#### Instructions to follow:
Please take the lines from the one holding "ps = (\<lambda>c." through the one holding "(auto simp: frac_lt_1)" in the data below and copy them exactly.

#### Raw data:
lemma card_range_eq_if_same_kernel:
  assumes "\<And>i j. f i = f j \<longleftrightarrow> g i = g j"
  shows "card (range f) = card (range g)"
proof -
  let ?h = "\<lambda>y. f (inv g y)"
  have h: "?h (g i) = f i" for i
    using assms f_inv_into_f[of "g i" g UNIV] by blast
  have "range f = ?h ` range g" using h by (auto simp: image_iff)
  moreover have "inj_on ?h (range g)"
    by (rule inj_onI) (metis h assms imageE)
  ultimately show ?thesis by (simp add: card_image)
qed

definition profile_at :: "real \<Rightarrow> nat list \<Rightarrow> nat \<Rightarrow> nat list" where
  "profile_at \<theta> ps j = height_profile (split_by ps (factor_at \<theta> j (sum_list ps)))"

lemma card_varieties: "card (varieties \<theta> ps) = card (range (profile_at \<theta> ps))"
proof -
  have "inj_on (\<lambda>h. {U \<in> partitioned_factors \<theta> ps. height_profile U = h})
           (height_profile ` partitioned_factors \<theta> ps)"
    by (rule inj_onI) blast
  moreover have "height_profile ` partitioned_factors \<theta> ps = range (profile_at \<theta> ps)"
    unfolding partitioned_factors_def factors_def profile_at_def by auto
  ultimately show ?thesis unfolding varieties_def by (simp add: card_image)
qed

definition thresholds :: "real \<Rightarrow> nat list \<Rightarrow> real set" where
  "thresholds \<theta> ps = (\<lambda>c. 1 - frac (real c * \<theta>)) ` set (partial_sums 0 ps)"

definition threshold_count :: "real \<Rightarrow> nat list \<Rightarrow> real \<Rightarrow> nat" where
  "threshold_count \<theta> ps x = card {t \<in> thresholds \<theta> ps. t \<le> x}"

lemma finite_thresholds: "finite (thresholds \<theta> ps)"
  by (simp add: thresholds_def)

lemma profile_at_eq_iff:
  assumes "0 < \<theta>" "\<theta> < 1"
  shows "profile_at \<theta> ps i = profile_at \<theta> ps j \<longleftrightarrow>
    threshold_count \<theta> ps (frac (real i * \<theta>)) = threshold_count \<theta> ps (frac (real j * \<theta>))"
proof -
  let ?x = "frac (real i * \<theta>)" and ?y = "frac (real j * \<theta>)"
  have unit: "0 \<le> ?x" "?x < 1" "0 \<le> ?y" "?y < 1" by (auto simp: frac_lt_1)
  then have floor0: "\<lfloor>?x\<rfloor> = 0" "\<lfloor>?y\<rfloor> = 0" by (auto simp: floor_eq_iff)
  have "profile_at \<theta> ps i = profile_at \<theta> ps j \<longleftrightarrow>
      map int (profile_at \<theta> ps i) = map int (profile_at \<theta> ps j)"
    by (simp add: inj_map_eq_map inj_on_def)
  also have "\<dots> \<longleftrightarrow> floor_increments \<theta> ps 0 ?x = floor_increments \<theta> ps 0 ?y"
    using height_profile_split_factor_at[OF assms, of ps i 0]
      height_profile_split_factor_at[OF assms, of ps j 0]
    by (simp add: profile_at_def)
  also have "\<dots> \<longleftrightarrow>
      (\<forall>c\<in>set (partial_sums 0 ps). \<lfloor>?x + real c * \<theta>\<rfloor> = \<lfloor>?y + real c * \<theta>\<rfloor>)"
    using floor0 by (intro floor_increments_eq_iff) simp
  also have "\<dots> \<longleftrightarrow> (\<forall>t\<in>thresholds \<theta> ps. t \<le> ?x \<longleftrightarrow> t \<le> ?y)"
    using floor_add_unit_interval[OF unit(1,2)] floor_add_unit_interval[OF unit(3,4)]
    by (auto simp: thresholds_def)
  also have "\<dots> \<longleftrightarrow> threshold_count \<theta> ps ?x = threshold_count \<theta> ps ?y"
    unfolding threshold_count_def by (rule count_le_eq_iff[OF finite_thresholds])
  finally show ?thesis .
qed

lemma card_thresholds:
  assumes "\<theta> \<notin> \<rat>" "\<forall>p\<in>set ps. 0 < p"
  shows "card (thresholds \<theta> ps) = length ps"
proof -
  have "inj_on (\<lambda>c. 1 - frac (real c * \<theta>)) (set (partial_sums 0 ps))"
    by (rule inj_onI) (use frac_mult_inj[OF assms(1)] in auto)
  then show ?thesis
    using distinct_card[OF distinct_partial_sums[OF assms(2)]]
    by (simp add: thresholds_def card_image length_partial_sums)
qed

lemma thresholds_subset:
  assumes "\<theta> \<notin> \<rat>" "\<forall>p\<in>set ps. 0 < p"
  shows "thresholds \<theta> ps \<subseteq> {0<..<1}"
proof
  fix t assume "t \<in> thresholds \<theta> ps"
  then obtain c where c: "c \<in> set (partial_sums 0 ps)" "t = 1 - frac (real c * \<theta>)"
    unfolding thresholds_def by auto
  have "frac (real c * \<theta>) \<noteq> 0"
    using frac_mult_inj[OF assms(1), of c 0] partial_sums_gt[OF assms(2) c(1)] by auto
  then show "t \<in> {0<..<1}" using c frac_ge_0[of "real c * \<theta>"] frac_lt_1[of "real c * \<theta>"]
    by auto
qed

#### Result of this task:
  "thresholds \<theta> ps = (\<lambda>c. 1 - frac (real c * \<theta>)) ` set (partial_sums 0 ps)"

definition threshold_count :: "real \<Rightarrow> nat list \<Rightarrow> real \<Rightarrow> nat" where
  "threshold_count \<theta> ps x = card {t \<in> thresholds \<theta> ps. t \<le> x}"

lemma finite_thresholds: "finite (thresholds \<theta> ps)"
  by (simp add: thresholds_def)

lemma profile_at_eq_iff:
  assumes "0 < \<theta>" "\<theta> < 1"
  shows "profile_at \<theta> ps i = profile_at \<theta> ps j \<longleftrightarrow>
    threshold_count \<theta> ps (frac (real i * \<theta>)) = threshold_count \<theta> ps (frac (real j * \<theta>))"
proof -
  let ?x = "frac (real i * \<theta>)" and ?y = "frac (real j * \<theta>)"
  have unit: "0 \<le> ?x" "?x < 1" "0 \<le> ?y" "?y < 1" by (auto simp: frac_lt_1)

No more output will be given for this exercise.